So off I went to the doctor’s again to find out about my brain. For those of you who may not know, I have been suffering debilitating headaches since May, and they are now at the point where they don’t go away. Yes that’s right, the nausea and vertigo inducing headaches no longer cease, I wake with it, and try to fall asleep to it’s throbbings. As a positive side affect though, I am losing weigh since eating is far from my mind at any given moment, and nothing seems appealing.
My CT scan came back normal, Praise God! So now I’m off to the neurologist, it should be a pleasent way to spend my 10th anniversary, I think, since my apointment is on the 24th.
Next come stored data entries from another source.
lemma character_unitvec_orthogonal:
  assumes "is_character \<phi>" "k \<ge> 2" "m \<ge> 2" "k \<noteq> m"
  shows "\<phi> (unitvec k) * \<phi> (unitvec m) = 0"
proof -
  have "l1mult (unitvec k) (unitvec m) = (\<lambda>_. 0)"
    using l1mult_unitvec[OF assms(3), of "unitvec k"] assms(2,4)
      by (auto simp: l1scale_def unitvec_def)
  moreover have "unitvec k \<in> L1" "unitvec m \<in> L1"
    using assms(2,3) by (simp_all add: unitvec_in_L1)
  ultimately show ?thesis
    using assms(1) character_zero[OF assms(1)] unfolding is_character_def by metis
qed

lemma character_eq_of_partial_sums:
  assumes "is_character \<phi>" "a \<in> L1"
    and "\<And>N. N \<ge> N0 \<Longrightarrow> (\<Sum>k\<in>{1..<N}. a k * \<phi> (unitvec k)) = v"
  shows "\<phi> a = v"
proof -
  obtain C where "\<forall>a\<in>L1. cmod (\<phi> a) \<le> C * l1norm a"
    using assms(1) unfolding is_character_def by blast
  then have "(\<lambda>N. \<Sum>k\<in>{1..<N}. a k * \<phi> (unitvec k)) \<longlonglongrightarrow> \<phi> a"
    using assms(1,2) unfolding is_character_def
      by (intro bounded_linear_functional_expansion) blast+
  moreover have "(\<lambda>N. \<Sum>k\<in>{1..<N}. a k * \<phi> (unitvec k)) \<longlonglongrightarrow> v"
    by (rule tendsto_eventually) (use assms(3) in \<open>auto simp: eventually_at_top_linorder\<close>)
  ultimately show ?thesis
    using LIMSEQ_unique by blast
qed

lemma character_cases:
  assumes "is_character \<phi>"
  shows "(\<forall>a\<in>L1. \<phi> a = phi1 a) \<or> (\<exists>n>1. \<forall>a\<in>L1. \<phi> a = phi1 a + a n)"
proof -
  let ?c = "\<lambda>k. \<phi> (unitvec k)"
  have c1: "?c 1 = 1"
    by (rule character_unitvec_one[OF assms])
  show ?thesis
  proof (cases "\<exists>n\<ge>2. ?c n \<noteq> 0")
    case True
    then obtain n where n: "n \<ge> 2" "?c n = 1"
      using character_unitvec_idempotent[OF assms] by blast
    have others: "?c k = 0" if "k \<ge> 2" "k \<noteq> n" for k
      using character_unitvec_orthogonal[OF assms that(1) n(1) that(2)] n(2) by simp
    have "\<phi> a = phi1 a + a n" if "a \<in> L1" for a
    proof (rule character_eq_of_partial_sums[OF assms that])
      fix N assume "N \<ge> Suc n"
      then have "(\<Sum>k\<in>{1..<N}. a k * ?c k) = (\<Sum>k\<in>{1, n}. a k * ?c k)"
        using n others by (intro sum.mono_neutral_right) auto
      then show "(\<Sum>k\<in>{1..<N}. a k * ?c k) = phi1 a + a n"
        using n c1 by (simp add: phi1_def)
    qed
    moreover have "n > 1"
      using n(1) by simp
    ultimately show ?thesis
      by blast
  next
    case False
    have "\<phi> a = phi1 a" if "a \<in> L1" for a
    proof (rule character_eq_of_partial_sums[OF assms that])
      fix N :: nat assume "N \<ge> 2"
      then have "(\<Sum>k\<in>{1..<N}. a k * ?c k) = (\<Sum>k\<in>{1}. a k * ?c k)"
        using False by (intro sum.mono_neutral_right) auto
      then show "(\<Sum>k\<in>{1..<N}. a k * ?c k) = phi1 a"
        using c1 by (simp add: phi1_def)
    qed
    then show ?thesis
      by blast
  qed
qed

lemma is_character_cong:
  assumes "\<forall>a\<in>L1. \<phi> a = \<psi> a"
  shows "is_character \<phi> \<longleftrightarrow> is_character \<psi>"
  using assms unfolding is_character_def
    by (simp add: l1add_l1scale_in_L1 l1mult_in_L1 cong: ball_cong)

lemma is_character_phi1: "is_character phi1"
  unfolding is_character_def
proof (intro conjI ballI allI)
  fix a b :: seq and c
  show "phi1 (l1add a (l1scale c b)) = phi1 a + c * phi1 b"
    by (simp add: phi1_def l1add_def l1scale_def)
  show "phi1 (l1mult a b) = phi1 a * phi1 b"
    unfolding phi1_def by (rule l1mult_at_1)
next
  show "\<exists>C. \<forall>a\<in>L1. cmod (phi1 a) \<le> C * l1norm a"
    by (intro exI[of _ 1]) (simp add: phi1_def norm_le_l1norm)
next
  show "\<exists>a\<in>L1. phi1 a \<noteq> 0"
    using unitvec_in_L1[of 1] by (intro bexI[of _ "unitvec 1"]) (auto simp: phi1_def unitvec_def)
qed

lemma is_character_phi1_plus_coord:
  assumes "n > 1"
  shows "is_character (\<lambda>a. phi1 a + a n)"
  unfolding is_character_def
proof (intro conjI ballI allI)
  fix a b :: seq and c
  show "phi1 (l1add a (l1scale c b)) + l1add a (l1scale c b) n = phi1 a + a n + c * (phi1 b + b n)"
    by (simp add: phi1_def l1add_def l1scale_def algebra_simps)
  show "phi1 (l1mult a b) + l1mult a b n = (phi1 a + a n) * (phi1 b + b n)"
    using l1mult_at_1_plus_at[OF assms] by (simp add: phi1_def)
next
  show "\<exists>C. \<forall>a\<in>L1. cmod (phi1 a + a n) \<le> C * l1norm a"
  proof (intro exI[of _ 2] ballI)
    fix a assume a: "a \<in> L1"
    have "cmod (a 1 + a n) \<le> cmod (a 1) + cmod (a n)"
      by (rule norm_triangle_ineq)
    also have "\<dots> \<le> 2 * l1norm a"
      using norm_le_l1norm[OF a, of 1] norm_le_l1norm[OF a, of n] by simp
    finally show "cmod (phi1 a + a n) \<le> 2 * l1norm a"
      by (simp add: phi1_def)
  qed
next
  show "\<exists>a\<in>L1. phi1 a + a n \<noteq> 0"
    using assms unitvec_in_L1[of 1]
      by (intro bexI[of _ "unitvec 1"]) (auto simp: phi1_def unitvec_def)
qed

lemma is_character_iff:
  "is_character \<phi> \<longleftrightarrow> (\<forall>a\<in>L1. \<phi> a = phi1 a) \<or> (\<exists>n>1. \<forall>a\<in>L1. \<phi> a = phi1 a + a n)"
proof
  show "is_character \<phi> \<Longrightarrow> (\<forall>a\<in>L1. \<phi> a = phi1 a) \<or> (\<exists>n>1. \<forall>a\<in>L1. \<phi> a = phi1 a + a n)"
    by (rule character_cases)
next
  assume "(\<forall>a\<in>L1. \<phi> a = phi1 a) \<or> (\<exists>n>1. \<forall>a\<in>L1. \<phi> a = phi1 a + a n)"
  then show "is_character \<phi>"
  proof (elim disjE exE conjE)
    assume "\<forall>a\<in>L1. \<phi> a = phi1 a"
    then show ?thesis
      using is_character_cong is_character_phi1 by blast
  next
    fix n assume "n > 1" "\<forall>a\<in>L1. \<phi> a = phi1 a + a n"
    then show ?thesis
      using is_character_cong[of \<phi> "\<lambda>a. phi1 a + a n"] is_character_phi1_plus_coord by blast
  qed
qed

section \<open>The projective tensor product\<close>

lemma sum_le_tnorm:
  assumes "u \<in> L1T" "finite T"
  shows "(\<Sum>p\<in>T. cmod (u p)) \<le> tnorm u"
proof -
  have "infsum (\<lambda>p. cmod (u p)) T \<le> infsum (\<lambda>p. cmod (u p)) UNIV"
    by (rule infsum_mono_neutral) (use assms in \<open>auto simp: L1T_def\<close>)
  then show ?thesis
    using assms(2) by (simp add: tnorm_def)
qed

lemma tnorm_zero: "tnorm (\<lambda>_. 0) = 0"
  by (simp add: tnorm_def)

lemma has_sum_norm_elem_tensor_unitvec:
  assumes "a \<in> L1"
  shows "((\<lambda>p. cmod (elem_tensor a (unitvec j) p)) has_sum l1norm a) UNIV"
proof -
  have "((\<lambda>i. cmod (a i)) has_sum l1norm a) UNIV"
    unfolding l1norm_def using assms
      by (intro sums_nonneg_imp_has_sum summable_sums) (auto simp: L1_def)
  moreover have "(\<lambda>p. cmod (elem_tensor a (unitvec j) p)) \<circ> (\<lambda>i. (i, j)) = (\<lambda>i. cmod (a i))"
    by (simp add: elem_tensor_def unitvec_def fun_eq_iff)
  ultimately have "((\<lambda>p. cmod (elem_tensor a (unitvec j) p)) has_sum l1norm a) (range (\<lambda>i. (i, j)))"
    by (simp add: has_sum_reindex inj_on_def)
  then show ?thesis
    by (rule has_sum_cong_neutral[THEN iffD1, rotated -1]) (auto simp: elem_tensor_def unitvec_def)
qed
Until then I have started Paxil to help alleviate these chronic headaches. Which should really be no big deal right? But I feel strange about it. I have been though many bouts of depression in my life, some bad ,some mild, and worked it through without chemical help. When Kate died I worked hard with two support groups, my Dr., and a personal grief therapist to make it thorough without the use of antidepressants. I have no real reason to feel so adverse to them, I don’t view their users as weak, many people I love have or are using them. I guess I’m just reserved, worried perhaps, that I will feel better overall if I take them proving that I’m not as strong or willfully happy as I think.
And then there are the nursing concerns. I am so happily a nursing mom that I’m not really ready to stop, and yet I certainly don’t want my baby ingesting any brain function altering drugs. Supposedly this is a safe one, and I can still nurse, yet I’m cautious.
So all in all it’s good news, we may have found the answer in taking this new drug, we just have to wait a few weeks. Hey, what’s a few weeks more anyway? And my CT is normal so I can stop worring about all the things those of you who know me well can imagine I was playing through my already painful head.